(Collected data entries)
(* Let $n=p+q\ge 2$ and let $h^1,\dots,h^n:\mathbb{R}^{p,q}\to\mathcal{C}\ell(p,q)$ be a Clifford field vector. Then for every $x\in\mathbb{R}^{p,q}$ and every $\mu=1,\dots,n$, $h^\mu(x)\in\mathcal{C}\ell_{\circledS}(p,q)$, i.e. $\pi_0(h^\mu(x))=0$, and, if $n$ is odd, also $\pi_n(h^\mu(x))=0$.
   Context: $\eta=\mathrm{diag}(1,\dots,1,-1,\dots,-1)$ ($p$ ones, $q$ minus ones). $\mathcal{C}\ell(p,q)$ is the complex Clifford algebra with identity $e$ and generators $e^1,\dots,e^n$, $e^ae^b+e^be^a=2\eta^{ab}e$, with basis $e$ and $e^{a_1\dots a_k}=e^{a_1}\cdots e^{a_k}$ ($a_1<\dots<a_k$). $\pi_k$ denotes the projection onto the span $\mathcal{C}\ell_k(p,q)$ of the basis elements with $k$ indices. $\mathrm{Tr}(U)$ is the coefficient of $e$ in $U$. The center of $\mathcal{C}\ell(p,q)$ is $\mathcal{C}\ell_0(p,q)$ for even $n$ and $\mathcal{C}\ell_0(p,q)\oplus\mathcal{C}\ell_n(p,q)$ for odd $n$; $\mathcal{C}\ell_{\circledS}(p,q)$ denotes the set of elements with zero projection onto the center. A Clifford field vector is a collection of functions $h^\mu:\mathbb{R}^{p,q}\to\mathcal{C}\ell(p,q)$, $\mu=1,\dots,n$, such that for every $x$: $h^\mu h^\nu+h^\nu h^\mu=2\eta^{\mu\nu}e$ for all $\mu,\nu$, and $\mathrm{Tr}(h^1\cdots h^n)=0$. *)

theory Defs
  imports Complex_Main
begin

text \<open>An element is represented by its coefficient function on index sets:
  U A is the coefficient of the basis element e^{A} (A a subset of {1..n},
  the basis element being the product of the e^a, a in A, in increasing order;
  e^{} = e is the identity).\<close>

type_synonym cl = "nat set \<Rightarrow> complex"

definition eta :: "nat \<Rightarrow> nat \<Rightarrow> nat \<Rightarrow> complex" where
  "eta p a b = (if a = b then (if a \<le> p then 1 else -1) else 0)"

definition cl_elem :: "nat \<Rightarrow> cl \<Rightarrow> bool" where
  "cl_elem n U \<longleftrightarrow> (\<forall>A. \<not> A \<subseteq> {1..n} \<longrightarrow> U A = 0)"

definition cl_zero :: cl where "cl_zero = (\<lambda>A. 0)"

definition cl_one :: cl where "cl_one = (\<lambda>A. if A = {} then 1 else 0)"

definition cl_add :: "cl \<Rightarrow> cl \<Rightarrow> cl" where "cl_add U V = (\<lambda>A. U A + V A)"

definition cl_scale :: "complex \<Rightarrow> cl \<Rightarrow> cl" where "cl_scale c U = (\<lambda>A. c * U A)"

text \<open>e^{A} e^{B} = blade_sign p A B * e^{A symdiff B}: reorder (one sign per pair a in A,
  b in B with a > b) and square the repeated generators (factor eta a a).\<close>
definition blade_sign :: "nat \<Rightarrow> nat set \<Rightarrow> nat set \<Rightarrow> complex" where
  "blade_sign p A B =
     (-1) ^ card {(a, b). a \<in> A \<and> b \<in> B \<and> b < a} * (\<Prod>a\<in>A \<inter> B. eta p a a)"

definition cl_mult :: "nat \<Rightarrow> nat \<Rightarrow> cl \<Rightarrow> cl \<Rightarrow> cl" where
  "cl_mult p q U V = (\<lambda>C. \<Sum>A\<in>Pow {1..p+q}. \<Sum>B\<in>Pow {1..p+q}.
      if (A - B) \<union> (B - A) = C then blade_sign p A B * U A * V B else 0)"

definition cl_listprod :: "nat \<Rightarrow> nat \<Rightarrow> cl list \<Rightarrow> cl" where
  "cl_listprod p q Us = foldr (cl_mult p q) Us cl_one"

definition cl_tr :: "cl \<Rightarrow> complex" where "cl_tr U = U {}"

definition cl_proj :: "nat \<Rightarrow> nat \<Rightarrow> cl \<Rightarrow> cl" where
  "cl_proj n k U = (\<lambda>A. if A \<subseteq> {1..n} \<and> card A = k then U A else 0)"

definition pts :: "nat \<Rightarrow> (nat \<Rightarrow> real) set" where
  "pts n = {x. \<forall>i. i \<notin> {1..n} \<longrightarrow> x i = 0}"

definition clifford_field_vector :: "nat \<Rightarrow> nat \<Rightarrow> (nat \<Rightarrow> (nat \<Rightarrow> real) \<Rightarrow> cl) \<Rightarrow> bool" where
  "clifford_field_vector p q h \<longleftrightarrow>
     (\<forall>x\<in>pts (p+q).
        (\<forall>\<mu>\<in>{1..p+q}. cl_elem (p+q) (h \<mu> x)) \<and>
        (\<forall>\<mu>\<in>{1..p+q}. \<forall>\<nu>\<in>{1..p+q}.
           cl_add (cl_mult p q (h \<mu> x) (h \<nu> x)) (cl_mult p q (h \<nu> x) (h \<mu> x))
             = cl_scale (2 * eta p \<mu> \<nu>) cl_one) \<and>
        cl_tr (cl_listprod p q (map (\<lambda>\<mu>. h \<mu> x) [1..<p+q+1])) = 0)"

end

theory Submission
  imports Defs
begin

text \<open>If a anticommutes with b and b b = c e with c \<noteq> 0, then Tr(b a b) = -c Tr(a), while
  cyclicity of the trace gives Tr(b a b) = Tr(b b a) = c Tr(a); hence Tr(a) = 0. As n \<ge> 2,
  every h^\<mu> anticommutes with some h^\<nu> whose square is \<plusminus>e, so the scalar part of h^\<mu>
  vanishes. For odd n the pseudoscalar \<omega> = e^{1...n} is central, so h^\<mu> \<omega> still
  anticommutes with h^\<nu>, and Tr(h^\<mu> \<omega>) is a nonzero multiple of the coefficient of
  e^{1...n} in h^\<mu>.
  Associativity of the product, on which all of this rests, reduces to a cocycle
  identity for blade_sign.\<close>

lemma sym_diff_eq_empty_iff: "sym_diff A B = {} \<longleftrightarrow> A = B"
  by auto

lemma sym_diff_assoc: "sym_diff (sym_diff A B) C = sym_diff A (sym_diff B C)"
  by auto

lemma sym_diff_in_Pow: "A \<in> Pow S \<Longrightarrow> B \<in> Pow S \<Longrightarrow> sym_diff A B \<in> Pow S"
  by auto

» Task to complete:
Copy out every line of the records that the string "subseteq" appears in.

» Written reply:
  "cl_elem n U \<longleftrightarrow> (\<forall>A. \<not> A \<subseteq> {1..n} \<longrightarrow> U A = 0)"
  "cl_proj n k U = (\<lambda>A. if A \<subseteq> {1..n} \<and> card A = k then U A else 0)"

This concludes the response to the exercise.